Since mercury vapor may be released in the air by autoclaving and the residual mercury can further lead to environmental contamination, autoclaving should not be done for the extracted teeth with amalgam restorations.
Furthermore, teeth with amalgam restorations may undergo fractures caused by thermal cycling since their coefficients of expansion are different (5).
It should be noted that almost all storage media such as chloramine or thymol can be used just as disinfectant agents. Therefore, if there is a need for sterilization of teeth, other methods such as autoclave, dry heat, gamma radiation and freezing should be considered (3, 6, 22). It was shown by White et al. (26) that the structure and function of dentin are not altered by teeth sterilization through gamma radiation, which unfortunately requires expensive equipment.

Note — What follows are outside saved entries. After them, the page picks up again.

lemma weighted_Youngs_inequality:
  fixes p a u g k :: real
  assumes p: "p > 1" and a: "a > 0" and "u \<ge> 0" "g \<ge> 0" "k \<ge> 0"
  shows "p * u powr (p - 1) * (g * k)
    \<le> (1 - 1/p) * (u powr p * a) + p powr (p - 1) * (k powr p / a powr (p - 1) * g powr p)"
proof -
  define q where "q = p / (p - 1)"
  define c where "c = a powr ((p - 1) / p)"
  have q: "q > 1" "1/q + 1/p = 1"
    using p by (auto simp: q_def field_simps)
  have c: "c > 0" "c powr q = a" "c powr p = a powr (p - 1)"
    using p a by (auto simp: c_def q_def powr_powr)
  have "p * u powr (p - 1) * (g * k) = (u powr (p - 1) * c) * (p * g * k / c)"
    using c by (simp add: field_simps)
  also have "\<dots> \<le> (u powr (p - 1) * c) powr q / q + (p * g * k / c) powr p / p"
    using assms c by (intro Youngs_inequality q) auto
  also have "(u powr (p - 1) * c) powr q = u powr p * a"
    using assms c q by (simp add: powr_mult powr_powr q_def)
  also have "(p * g * k / c) powr p = p powr p * (k powr p / a powr (p - 1) * g powr p)"
    using assms c by (simp add: powr_mult powr_divide field_simps)
  also have "p powr p = p * p powr (p - 1)"
    using p by (simp add: powr_diff)
  finally show ?thesis
    using p by (simp add: q_def field_simps)
qed

lemma neg_abs_powr_deriv_inner_le:
  fixes g k :: "'a::real_inner"
  assumes p: "p > 1" and a: "a \<ge> 0" "a = 0 \<Longrightarrow> k = 0"
  shows "- (abs_powr_deriv p t * (g \<bullet> k))
    \<le> (1 - 1/p) * (\<bar>t\<bar> powr p * a) + p powr (p - 1) * (norm k powr p / a powr (p - 1) * norm g powr p)"
proof (cases "a = 0")
  case True
  then show ?thesis
    using a p by simp
next
  case False
  have "- (abs_powr_deriv p t * (g \<bullet> k)) \<le> \<bar>abs_powr_deriv p t\<bar> * \<bar>g \<bullet> k\<bar>"
    by (simp add: abs_mult[symmetric])
  also have "\<dots> \<le> p * \<bar>t\<bar> powr (p - 1) * (norm g * norm k)"
    using p by (intro mult_mono abs_abs_powr_deriv Cauchy_Schwarz_ineq2) auto
  also have "\<dots> \<le> (1 - 1/p) * (\<bar>t\<bar> powr p * a) + p powr (p - 1) * (norm k powr p / a powr (p - 1) * norm g powr p)"
    using False a p by (intro weighted_Youngs_inequality) auto
  finally show ?thesis .
qed

lemma pd_eq_0_outside_support:
  assumes "x \<notin> closure {x. f x \<noteq> 0}"
  shows "pd f j x = 0"
proof -
  have "((\<lambda>_. 0) has_derivative (\<lambda>_. 0)) (at x)"
    by simp
  then have "(f has_derivative (\<lambda>_. 0)) (at x)"
  proof (rule has_derivative_transform_within_open[where s = "- closure {x. f x \<noteq> 0}"])
    show "0 = f y" if "y \<in> - closure {x. f x \<noteq> 0}" for y
      using that closure_subset[of "{x. f x \<noteq> 0}"] by auto
  qed (use assms in auto)
  then show ?thesis
    unfolding pd_def by (metis frechet_derivative_at)
qed

lemma gradL_eq_0_outside_support:
  "x \<notin> closure {x. f x \<noteq> 0} \<Longrightarrow> gradL mu f x = 0"
  by (simp add: gradL_def pd_eq_0_outside_support vec_eq_iff)

lemma continuous_on_gradL:
  assumes "\<And>i j. continuous_on UNIV (\<lambda>x. mu x $ i $ j)" and "\<And>j. continuous_on UNIV (pd f j)"
  shows "continuous_on UNIV (gradL mu f)"
  unfolding gradL_def by (intro continuous_on_vec_lambda continuous_intros assms)

lemma has_derivative_abs_powr_comp:
  assumes "p > 1" and "f differentiable (at x)"
  shows "((\<lambda>x. \<bar>f x\<bar> powr p) has_derivative
           (\<lambda>v. abs_powr_deriv p (f x) * frechet_derivative f (at x) v)) (at x)"
  using has_derivative_compose[OF assms(2)[unfolded frechet_derivative_works]
      has_real_derivative_abs_powr[OF assms(1), unfolded has_field_derivative_def]]
  by simp

lemma pd_abs_powr_comp:
  "p > 1 \<Longrightarrow> f differentiable (at x) \<Longrightarrow>
     pd (\<lambda>x. \<bar>f x\<bar> powr p) j x = abs_powr_deriv p (f x) * pd f j x"
  unfolding pd_def by (metis has_derivative_abs_powr_comp frechet_derivative_at)

lemma gradL_abs_powr_comp:
  "p > 1 \<Longrightarrow> f differentiable (at x) \<Longrightarrow>
     gradL mu (\<lambda>x. \<bar>f x\<bar> powr p) x = abs_powr_deriv p (f x) *\<^sub>R gradL mu f x"
  by (simp add: gradL_def pd_abs_powr_comp vec_eq_iff sum_distrib_left algebra_simps)

lemma C1_0_abs_powr_comp:
  assumes p: "p > 1" and f: "C1_0 \<Omega> f"
  shows "C1_0 \<Omega> (\<lambda>x. \<bar>f x\<bar> powr p)"
proof -
  have df: "f differentiable (at x)" for x
    using f by (simp add: C1_0_def differentiable_on_def)
  have "(\<lambda>x. \<bar>f x\<bar> powr p) differentiable (at x)" for x
    by (rule differentiableI[OF has_derivative_abs_powr_comp[OF p df]])
  then have "(\<lambda>x. \<bar>f x\<bar> powr p) differentiable_on UNIV"
    by (simp add: differentiable_at_imp_differentiable_on)
  moreover have "continuous_on UNIV (pd (\<lambda>x. \<bar>f x\<bar> powr p) j)" for j
  proof -
    have "continuous_on UNIV f"
      using f by (simp add: C1_0_def differentiable_imp_continuous_on)
    then have "continuous_on UNIV (\<lambda>x. abs_powr_deriv p (f x))"
      by (rule continuous_on_compose2[OF continuous_on_abs_powr_deriv[OF p]]) auto
    moreover have "continuous_on UNIV (pd f j)"
      using f by (simp add: C1_0_def)
    ultimately have "continuous_on UNIV (\<lambda>x. abs_powr_deriv p (f x) * pd f j x)"
      by (rule continuous_on_mult)
    moreover have "pd (\<lambda>x. \<bar>f x\<bar> powr p) j = (\<lambda>x. abs_powr_deriv p (f x) * pd f j x)"
      by (rule ext) (rule pd_abs_powr_comp[OF p df])
    ultimately show ?thesis
      by simp
  qed
  moreover have "{x. \<bar>f x\<bar> powr p \<noteq> 0} = {x. f x \<noteq> 0}"
    by auto
  ultimately show ?thesis
    using f by (simp add: C1_0_def)
qed
section \<open>Ridges of a colex lie in an even number of facets\<close>

lemma colex_card_facet: "colex n K \<Longrightarrow> f \<in> K \<Longrightarrow> card f = Suc n"
  by (cases n) auto

lemma colex_finite: "colex n K \<Longrightarrow> finite K"
  by (cases n) auto

lemma card_topspace_nsphere_0: "card (topspace (nsphere 0)) = 2"
proof -
  define e :: "real \<Rightarrow> nat \<Rightarrow> real" where "e t i = (if i = 0 then t else 0)" for t i
  have "topspace (nsphere 0) = {e 1, e (-1)}"
    by (auto simp: nsphere e_def fun_eq_iff power2_eq_1_iff split: if_split_asm)
  moreover have "e 1 \<noteq> e (-1)"
    by (auto simp: e_def fun_eq_iff)
  ultimately show ?thesis
    by simp
qed

lemma topspace_realization_colex_0:
  fixes K :: "'v set set"
  assumes "colex 0 K"
  shows "topspace (realization K) = (\<lambda>f. indicator f :: 'v \<Rightarrow> real) ` K"
proof -
  have singleton: "\<exists>a. f = {a}" if "f \<in> K" for f
    using assms that by (simp add: card_1_singleton_iff)
  show ?thesis
  proof (intro set_eqI iffI)
    fix x :: "'v \<Rightarrow> real"
    assume "x \<in> topspace (realization K)"
    then obtain f where f: "f \<in> K" "\<forall>i. i \<notin> f \<longrightarrow> x i = 0" "sum x f = 1"
      by (auto simp: realization_def)
    moreover obtain a where "f = {a}"
      using singleton f(1) by blast
    ultimately have "x = indicator f"
      by (auto simp: fun_eq_iff indicator_def)
    then show "x \<in> (\<lambda>f. indicator f) ` K"
      using f(1) by blast
  next
    fix x :: "'v \<Rightarrow> real"
    assume "x \<in> (\<lambda>f. indicator f) ` K"
    then obtain f a where "f \<in> K" "x = indicator f" "f = {a}"
      using singleton by blast
    then show "x \<in> topspace (realization K)"
      by (auto simp: realization_def indicator_def intro!: bexI[of _ f])
  qed
qed
lemma no_max_with_positive_second_deriv:
  fixes g g' :: "real \<Rightarrow> real"
  assumes J: "open J" "0 \<in> J"
    and d1: "\<And>s. s \<in> J \<Longrightarrow> (g has_real_derivative g' s) (at s)"
    and d2: "(g' has_real_derivative c) (at 0)" and c: "c > 0"
    and mx: "\<And>s. s \<in> J \<Longrightarrow> g s \<le> g 0"
  shows False
proof -
  obtain d where d: "d > 0" "ball 0 d \<subseteq> J" using J open_contains_ball by blast
  have inJ: "s \<in> J" if "\<bar>s\<bar> < d" for s using d that by (auto simp: dist_real_def)
  have g'0: "g' 0 = 0"
    by (rule DERIV_local_max[OF d1[OF J(2)] d(1)]) (use inJ mx in auto)
  obtain d2 where d2p: "d2 > 0" and inc: "\<And>h. h > 0 \<Longrightarrow> h < d2 \<Longrightarrow> g' 0 < g' (0 + h)"
    using DERIV_pos_inc_right[OF d2 c] by blast
  define h where "h = min d d2 / 2"
  have h: "0 < h" "h < d" "h < d2" using d d2p by (auto simp: h_def)
  obtain z where z: "0 < z" "z < h" "g h - g 0 = (h - 0) * g' z"
    using MVT2[OF h(1), of g g'] d1 inJ h by force
  have "g' z > 0" using inc[of z] z h g'0 by simp
  then have "h * g' z > 0" using h by simp
  then have "g h > g 0" using z by simp
  moreover have "g h \<le> g 0" using mx inJ h by simp
  ultimately show False by simp
qed

lemma one_minus_square_pos: "0 \<le> (q::real) \<Longrightarrow> q < 1 \<Longrightarrow> 1 - q\<^sup>2 > 0"
proof -
  assume q: "0 \<le> q" "q < 1"
  have "q * q \<le> q" using q by (intro mult_right_le_one_le) auto
  then show ?thesis using q by (simp add: power2_eq_square)
qed

section \<open>Orbits through the sublevel set of a catenary function\<close>

locale catenary_region =
  fixes \<Gamma> :: "(real \<times> 'a::metric_space) set"
    and \<phi> :: "real \<Rightarrow> 'a \<Rightarrow> 'a"
    and \<Lambda> N :: "'a set"
    and L1 L1' :: "'a \<Rightarrow> real"
    and \<delta> :: real
  assumes flow: "partial_flow \<Gamma> \<phi>"
    and invariant: "flow_invariant \<Gamma> \<phi> \<Lambda>"
    and compact_N: "compact N" and Lambda_interior_N: "\<Lambda> \<subseteq> interior N"
    and continuous_L1: "continuous_on N L1"
    and L1_Lambda: "\<And>x. x \<in> \<Lambda> \<Longrightarrow> L1 x = 0"
    and L1_pos: "\<And>x. x \<in> N - \<Lambda> \<Longrightarrow> L1 x > 0"
    and L1_deriv: "\<And>x. x \<in> N \<Longrightarrow> has_lie_deriv \<Gamma> \<phi> N L1 x (L1' x)"
    and L1'_deriv: "\<And>x. x \<in> N \<Longrightarrow> has_lie_deriv \<Gamma> \<phi> N L1' x (L1 x)"
    and delta_pos: "\<delta> > 0"
    and B_interior_N: "{x\<in>N. L1 x \<le> \<delta>} \<subseteq> interior N"
begin

abbreviation "B \<equiv> {x\<in>N. L1 x \<le> \<delta>}"
abbreviation "D \<equiv> B - \<Lambda>"

lemma flow_zero [simp]: "(0, x) \<in> \<Gamma>" and flow_id [simp]: "\<phi> 0 x = x"
  using partial_flowD(3,4)[OF flow] by auto

lemma Lambda_subset_N: "\<Lambda> \<subseteq> N" using Lambda_interior_N interior_subset by blast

In the current study, SBS was used for evaluation of bond strength. An in-vitro Shear Bond Strength (SBS) Test is commonly employed by investigators for a quantitative analysis and ranking of bonding performance of adhesive resins on the surface of enamel and dentin(6). An SBS specimen can be pre-stressed only by mold removal before testing, which is a significant advantage over the Tensile Bond Strength (TBS) Method. SBS methods are especially useful tests for those substrates that are susceptible to crack propagation during sample preparation such as glass ionomers or enamel(27).
With the limitation of this study, only the effect of storage media and autoclave on bond strength to enamel and mode of failure was evaluated. The effect of these factors on bond strength to dentin is also required. Further research regarding the effect of storage media on mechanical properties of tooth structure such as micro-hardness is suggested.